| Task instructions |
Report each line from the listing that the string "moreover" appears in.

| The data |
· · · ·
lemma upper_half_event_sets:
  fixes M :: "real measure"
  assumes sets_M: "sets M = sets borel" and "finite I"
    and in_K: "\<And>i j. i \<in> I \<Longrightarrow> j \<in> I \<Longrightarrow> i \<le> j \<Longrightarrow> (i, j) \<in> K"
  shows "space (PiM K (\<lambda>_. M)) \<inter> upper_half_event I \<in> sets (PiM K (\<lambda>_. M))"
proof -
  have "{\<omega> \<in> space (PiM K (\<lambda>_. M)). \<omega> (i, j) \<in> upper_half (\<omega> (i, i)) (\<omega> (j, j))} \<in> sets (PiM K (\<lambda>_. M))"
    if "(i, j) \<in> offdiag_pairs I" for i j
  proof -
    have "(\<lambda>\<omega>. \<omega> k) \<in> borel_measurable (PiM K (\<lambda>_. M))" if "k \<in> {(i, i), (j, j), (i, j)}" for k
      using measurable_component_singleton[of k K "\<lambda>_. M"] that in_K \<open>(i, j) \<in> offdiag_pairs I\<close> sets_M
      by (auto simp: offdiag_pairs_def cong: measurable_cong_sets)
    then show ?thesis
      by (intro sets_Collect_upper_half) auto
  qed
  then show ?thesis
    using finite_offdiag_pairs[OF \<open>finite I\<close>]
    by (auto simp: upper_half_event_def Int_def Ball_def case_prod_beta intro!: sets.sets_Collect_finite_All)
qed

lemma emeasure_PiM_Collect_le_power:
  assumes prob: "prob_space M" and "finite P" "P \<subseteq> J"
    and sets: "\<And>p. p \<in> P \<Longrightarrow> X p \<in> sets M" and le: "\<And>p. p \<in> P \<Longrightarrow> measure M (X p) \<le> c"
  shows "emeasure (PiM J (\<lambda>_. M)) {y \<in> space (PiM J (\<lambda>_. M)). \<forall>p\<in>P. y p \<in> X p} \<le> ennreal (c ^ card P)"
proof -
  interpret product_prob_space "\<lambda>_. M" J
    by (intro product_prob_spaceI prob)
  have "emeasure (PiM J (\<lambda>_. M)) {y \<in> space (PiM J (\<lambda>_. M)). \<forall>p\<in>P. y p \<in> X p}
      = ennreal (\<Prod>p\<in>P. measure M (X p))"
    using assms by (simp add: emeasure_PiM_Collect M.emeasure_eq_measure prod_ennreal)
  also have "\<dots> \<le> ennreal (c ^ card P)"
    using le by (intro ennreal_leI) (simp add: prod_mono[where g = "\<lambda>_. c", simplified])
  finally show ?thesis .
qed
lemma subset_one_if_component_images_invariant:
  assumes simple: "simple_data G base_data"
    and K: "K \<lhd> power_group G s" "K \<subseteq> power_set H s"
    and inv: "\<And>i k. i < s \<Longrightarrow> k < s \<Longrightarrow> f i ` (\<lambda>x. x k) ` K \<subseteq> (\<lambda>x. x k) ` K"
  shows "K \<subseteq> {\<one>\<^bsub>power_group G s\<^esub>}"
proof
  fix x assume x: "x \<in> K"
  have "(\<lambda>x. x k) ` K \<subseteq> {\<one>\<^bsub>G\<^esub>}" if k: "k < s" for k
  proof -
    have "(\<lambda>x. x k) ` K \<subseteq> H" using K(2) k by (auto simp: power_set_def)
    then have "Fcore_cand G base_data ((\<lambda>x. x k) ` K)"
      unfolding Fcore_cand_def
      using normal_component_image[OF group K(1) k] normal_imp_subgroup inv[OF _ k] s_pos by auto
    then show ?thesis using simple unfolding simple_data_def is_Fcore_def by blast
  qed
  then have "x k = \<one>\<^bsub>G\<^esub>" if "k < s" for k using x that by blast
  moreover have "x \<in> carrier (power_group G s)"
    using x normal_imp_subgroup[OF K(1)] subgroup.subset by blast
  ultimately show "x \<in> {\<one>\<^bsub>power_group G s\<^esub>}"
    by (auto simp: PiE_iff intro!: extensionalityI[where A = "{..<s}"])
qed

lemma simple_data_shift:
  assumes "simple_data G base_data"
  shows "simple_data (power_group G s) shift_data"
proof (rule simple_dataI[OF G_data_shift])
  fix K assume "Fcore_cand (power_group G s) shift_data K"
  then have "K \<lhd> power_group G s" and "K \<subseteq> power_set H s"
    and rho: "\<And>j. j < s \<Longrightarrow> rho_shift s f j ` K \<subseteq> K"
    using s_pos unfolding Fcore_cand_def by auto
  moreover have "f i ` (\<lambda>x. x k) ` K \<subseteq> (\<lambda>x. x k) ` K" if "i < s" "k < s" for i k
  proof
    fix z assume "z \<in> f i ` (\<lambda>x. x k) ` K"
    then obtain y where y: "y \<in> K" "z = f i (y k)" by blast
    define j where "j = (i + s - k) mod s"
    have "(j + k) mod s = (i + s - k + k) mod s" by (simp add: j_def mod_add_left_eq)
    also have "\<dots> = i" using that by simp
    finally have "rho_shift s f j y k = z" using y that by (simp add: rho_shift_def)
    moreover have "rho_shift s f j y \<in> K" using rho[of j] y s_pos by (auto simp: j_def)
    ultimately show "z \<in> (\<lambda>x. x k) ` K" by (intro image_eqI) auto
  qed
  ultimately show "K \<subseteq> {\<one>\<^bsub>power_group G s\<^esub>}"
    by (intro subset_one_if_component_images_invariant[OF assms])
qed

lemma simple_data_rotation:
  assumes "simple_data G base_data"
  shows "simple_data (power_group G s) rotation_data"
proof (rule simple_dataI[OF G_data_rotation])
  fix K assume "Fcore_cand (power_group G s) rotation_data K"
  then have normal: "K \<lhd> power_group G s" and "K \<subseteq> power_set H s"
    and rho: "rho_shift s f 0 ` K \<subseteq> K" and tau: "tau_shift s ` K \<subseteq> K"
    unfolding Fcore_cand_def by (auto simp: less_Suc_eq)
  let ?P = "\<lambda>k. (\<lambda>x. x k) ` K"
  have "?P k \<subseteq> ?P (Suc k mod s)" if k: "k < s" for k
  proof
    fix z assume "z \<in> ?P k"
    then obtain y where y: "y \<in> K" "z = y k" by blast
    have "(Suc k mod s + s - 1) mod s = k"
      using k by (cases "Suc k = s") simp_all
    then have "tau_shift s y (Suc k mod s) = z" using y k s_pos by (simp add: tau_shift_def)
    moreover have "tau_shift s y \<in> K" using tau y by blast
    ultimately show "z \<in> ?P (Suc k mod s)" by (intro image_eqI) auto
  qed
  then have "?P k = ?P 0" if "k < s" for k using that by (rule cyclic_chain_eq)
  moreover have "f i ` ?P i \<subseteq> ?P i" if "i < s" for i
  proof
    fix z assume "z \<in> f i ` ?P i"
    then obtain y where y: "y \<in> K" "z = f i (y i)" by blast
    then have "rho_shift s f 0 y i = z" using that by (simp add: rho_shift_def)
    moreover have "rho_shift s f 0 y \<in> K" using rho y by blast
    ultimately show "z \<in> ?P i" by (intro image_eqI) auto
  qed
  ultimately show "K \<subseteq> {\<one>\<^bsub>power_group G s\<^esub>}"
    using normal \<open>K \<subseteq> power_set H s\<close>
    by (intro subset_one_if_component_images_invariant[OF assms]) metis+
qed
· · · ·
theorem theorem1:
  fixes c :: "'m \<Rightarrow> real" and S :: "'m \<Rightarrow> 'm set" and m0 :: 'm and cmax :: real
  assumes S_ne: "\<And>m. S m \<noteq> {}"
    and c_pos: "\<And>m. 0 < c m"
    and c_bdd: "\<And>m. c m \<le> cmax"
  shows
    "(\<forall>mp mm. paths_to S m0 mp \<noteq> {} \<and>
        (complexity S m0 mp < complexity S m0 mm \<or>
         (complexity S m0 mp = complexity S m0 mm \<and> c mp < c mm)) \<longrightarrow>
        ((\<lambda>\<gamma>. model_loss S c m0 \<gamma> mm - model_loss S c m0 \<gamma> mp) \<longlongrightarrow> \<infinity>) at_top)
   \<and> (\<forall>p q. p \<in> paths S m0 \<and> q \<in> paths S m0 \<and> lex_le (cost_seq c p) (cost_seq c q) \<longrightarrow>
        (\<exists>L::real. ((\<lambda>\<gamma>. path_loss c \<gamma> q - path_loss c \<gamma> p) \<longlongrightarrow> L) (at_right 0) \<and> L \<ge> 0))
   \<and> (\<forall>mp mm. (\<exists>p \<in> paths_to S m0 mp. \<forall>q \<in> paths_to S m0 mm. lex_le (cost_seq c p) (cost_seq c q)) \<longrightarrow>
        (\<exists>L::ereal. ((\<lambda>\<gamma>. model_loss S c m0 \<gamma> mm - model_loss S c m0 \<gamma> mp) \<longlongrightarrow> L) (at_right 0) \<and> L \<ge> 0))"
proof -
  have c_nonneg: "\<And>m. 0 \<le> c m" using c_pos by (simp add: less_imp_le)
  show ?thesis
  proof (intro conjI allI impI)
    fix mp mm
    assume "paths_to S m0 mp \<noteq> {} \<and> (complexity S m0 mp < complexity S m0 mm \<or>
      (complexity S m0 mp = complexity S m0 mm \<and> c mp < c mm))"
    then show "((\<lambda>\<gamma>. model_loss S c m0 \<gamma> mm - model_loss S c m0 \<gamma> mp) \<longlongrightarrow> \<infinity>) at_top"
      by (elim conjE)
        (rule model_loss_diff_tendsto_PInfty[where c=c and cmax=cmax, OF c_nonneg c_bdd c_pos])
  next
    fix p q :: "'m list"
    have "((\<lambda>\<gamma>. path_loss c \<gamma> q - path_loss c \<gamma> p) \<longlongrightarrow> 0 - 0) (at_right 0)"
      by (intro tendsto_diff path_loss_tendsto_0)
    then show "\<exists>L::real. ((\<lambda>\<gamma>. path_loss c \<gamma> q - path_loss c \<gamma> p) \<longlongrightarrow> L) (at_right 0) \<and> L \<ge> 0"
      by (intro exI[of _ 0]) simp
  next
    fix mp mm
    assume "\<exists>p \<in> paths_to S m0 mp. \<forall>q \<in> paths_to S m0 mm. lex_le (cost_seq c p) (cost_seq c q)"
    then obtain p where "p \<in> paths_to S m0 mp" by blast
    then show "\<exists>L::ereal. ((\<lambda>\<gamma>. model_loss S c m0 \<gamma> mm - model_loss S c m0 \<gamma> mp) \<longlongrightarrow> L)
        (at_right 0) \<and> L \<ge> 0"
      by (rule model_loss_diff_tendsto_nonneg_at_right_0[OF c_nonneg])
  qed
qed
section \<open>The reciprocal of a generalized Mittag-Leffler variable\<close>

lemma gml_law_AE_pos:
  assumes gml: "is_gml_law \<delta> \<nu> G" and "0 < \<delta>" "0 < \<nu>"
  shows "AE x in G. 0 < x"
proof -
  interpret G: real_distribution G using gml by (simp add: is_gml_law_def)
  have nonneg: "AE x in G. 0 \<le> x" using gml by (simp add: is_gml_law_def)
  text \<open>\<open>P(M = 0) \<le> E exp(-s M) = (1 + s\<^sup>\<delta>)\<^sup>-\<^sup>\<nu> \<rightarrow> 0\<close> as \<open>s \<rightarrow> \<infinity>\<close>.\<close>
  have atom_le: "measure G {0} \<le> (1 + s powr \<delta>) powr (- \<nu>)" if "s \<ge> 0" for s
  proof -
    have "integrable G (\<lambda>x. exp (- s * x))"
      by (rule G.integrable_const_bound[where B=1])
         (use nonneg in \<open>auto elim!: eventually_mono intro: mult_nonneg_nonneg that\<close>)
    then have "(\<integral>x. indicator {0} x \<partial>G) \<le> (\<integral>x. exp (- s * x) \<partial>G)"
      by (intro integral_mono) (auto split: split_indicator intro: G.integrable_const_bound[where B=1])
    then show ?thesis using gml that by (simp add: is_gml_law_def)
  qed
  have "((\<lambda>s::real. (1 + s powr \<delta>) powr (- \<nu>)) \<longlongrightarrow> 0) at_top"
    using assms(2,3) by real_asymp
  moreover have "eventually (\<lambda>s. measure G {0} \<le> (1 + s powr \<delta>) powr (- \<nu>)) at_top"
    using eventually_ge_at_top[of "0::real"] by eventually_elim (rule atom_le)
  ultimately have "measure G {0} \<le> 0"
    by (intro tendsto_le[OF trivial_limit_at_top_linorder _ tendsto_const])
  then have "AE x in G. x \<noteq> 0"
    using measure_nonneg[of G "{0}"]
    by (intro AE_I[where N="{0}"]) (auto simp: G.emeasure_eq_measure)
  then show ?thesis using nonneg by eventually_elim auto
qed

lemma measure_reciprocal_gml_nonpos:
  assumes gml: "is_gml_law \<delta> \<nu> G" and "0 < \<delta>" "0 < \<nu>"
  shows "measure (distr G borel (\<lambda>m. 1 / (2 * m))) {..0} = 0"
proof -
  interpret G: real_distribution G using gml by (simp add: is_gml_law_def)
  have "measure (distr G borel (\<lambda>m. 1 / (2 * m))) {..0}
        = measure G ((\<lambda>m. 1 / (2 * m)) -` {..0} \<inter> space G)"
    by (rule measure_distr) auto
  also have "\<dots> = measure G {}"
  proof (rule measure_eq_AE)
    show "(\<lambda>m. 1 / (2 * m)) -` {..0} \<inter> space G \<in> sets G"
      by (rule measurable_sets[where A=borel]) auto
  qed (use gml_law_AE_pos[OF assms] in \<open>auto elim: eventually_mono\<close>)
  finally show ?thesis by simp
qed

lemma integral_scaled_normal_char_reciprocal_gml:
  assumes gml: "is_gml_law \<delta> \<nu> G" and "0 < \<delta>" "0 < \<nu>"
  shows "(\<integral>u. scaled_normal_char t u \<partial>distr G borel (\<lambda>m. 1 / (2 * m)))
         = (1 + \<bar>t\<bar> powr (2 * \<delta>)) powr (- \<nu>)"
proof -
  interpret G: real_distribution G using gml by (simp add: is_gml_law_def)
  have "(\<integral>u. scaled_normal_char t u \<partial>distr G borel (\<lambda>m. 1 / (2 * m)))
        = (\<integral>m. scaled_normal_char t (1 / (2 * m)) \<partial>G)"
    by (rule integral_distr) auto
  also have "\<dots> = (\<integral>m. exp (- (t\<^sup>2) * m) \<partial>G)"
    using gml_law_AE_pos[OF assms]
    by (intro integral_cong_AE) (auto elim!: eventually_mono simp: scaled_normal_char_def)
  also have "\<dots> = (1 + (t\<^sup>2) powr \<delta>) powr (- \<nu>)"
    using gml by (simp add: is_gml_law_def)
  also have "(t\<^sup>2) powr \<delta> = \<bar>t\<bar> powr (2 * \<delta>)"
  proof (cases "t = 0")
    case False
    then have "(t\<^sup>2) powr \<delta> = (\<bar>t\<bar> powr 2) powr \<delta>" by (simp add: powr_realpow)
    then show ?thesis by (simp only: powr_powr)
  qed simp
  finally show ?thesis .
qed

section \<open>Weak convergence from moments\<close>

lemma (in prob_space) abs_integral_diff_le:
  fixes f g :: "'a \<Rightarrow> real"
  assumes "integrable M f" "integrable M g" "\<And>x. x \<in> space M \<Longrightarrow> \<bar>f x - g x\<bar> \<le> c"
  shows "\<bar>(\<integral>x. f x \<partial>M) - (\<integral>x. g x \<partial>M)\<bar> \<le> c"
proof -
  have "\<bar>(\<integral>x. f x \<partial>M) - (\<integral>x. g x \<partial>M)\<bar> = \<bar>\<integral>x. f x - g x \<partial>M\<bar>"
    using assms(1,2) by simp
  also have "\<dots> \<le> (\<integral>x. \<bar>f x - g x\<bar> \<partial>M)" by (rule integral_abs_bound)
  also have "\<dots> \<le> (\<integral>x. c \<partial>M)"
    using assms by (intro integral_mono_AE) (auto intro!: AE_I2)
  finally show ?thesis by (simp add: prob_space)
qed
· · · ·
| Task answer |
  moreover have "x \<in> carrier (power_group G s)"
  moreover have "f i ` (\<lambda>x. x k) ` K \<subseteq> (\<lambda>x. x k) ` K" if "i < s" "k < s" for i k
    moreover have "rho_shift s f j y \<in> K" using rho[of j] y s_pos by (auto simp: j_def)
    moreover have "tau_shift s y \<in> K" using tau y by blast
  moreover have "f i ` ?P i \<subseteq> ?P i" if "i < s" for i
    moreover have "rho_shift s f 0 y \<in> K" using rho y by blast
  moreover have "eventually (\<lambda>s. measure G {0} \<le> (1 + s powr \<delta>) powr (- \<nu>)) at_top"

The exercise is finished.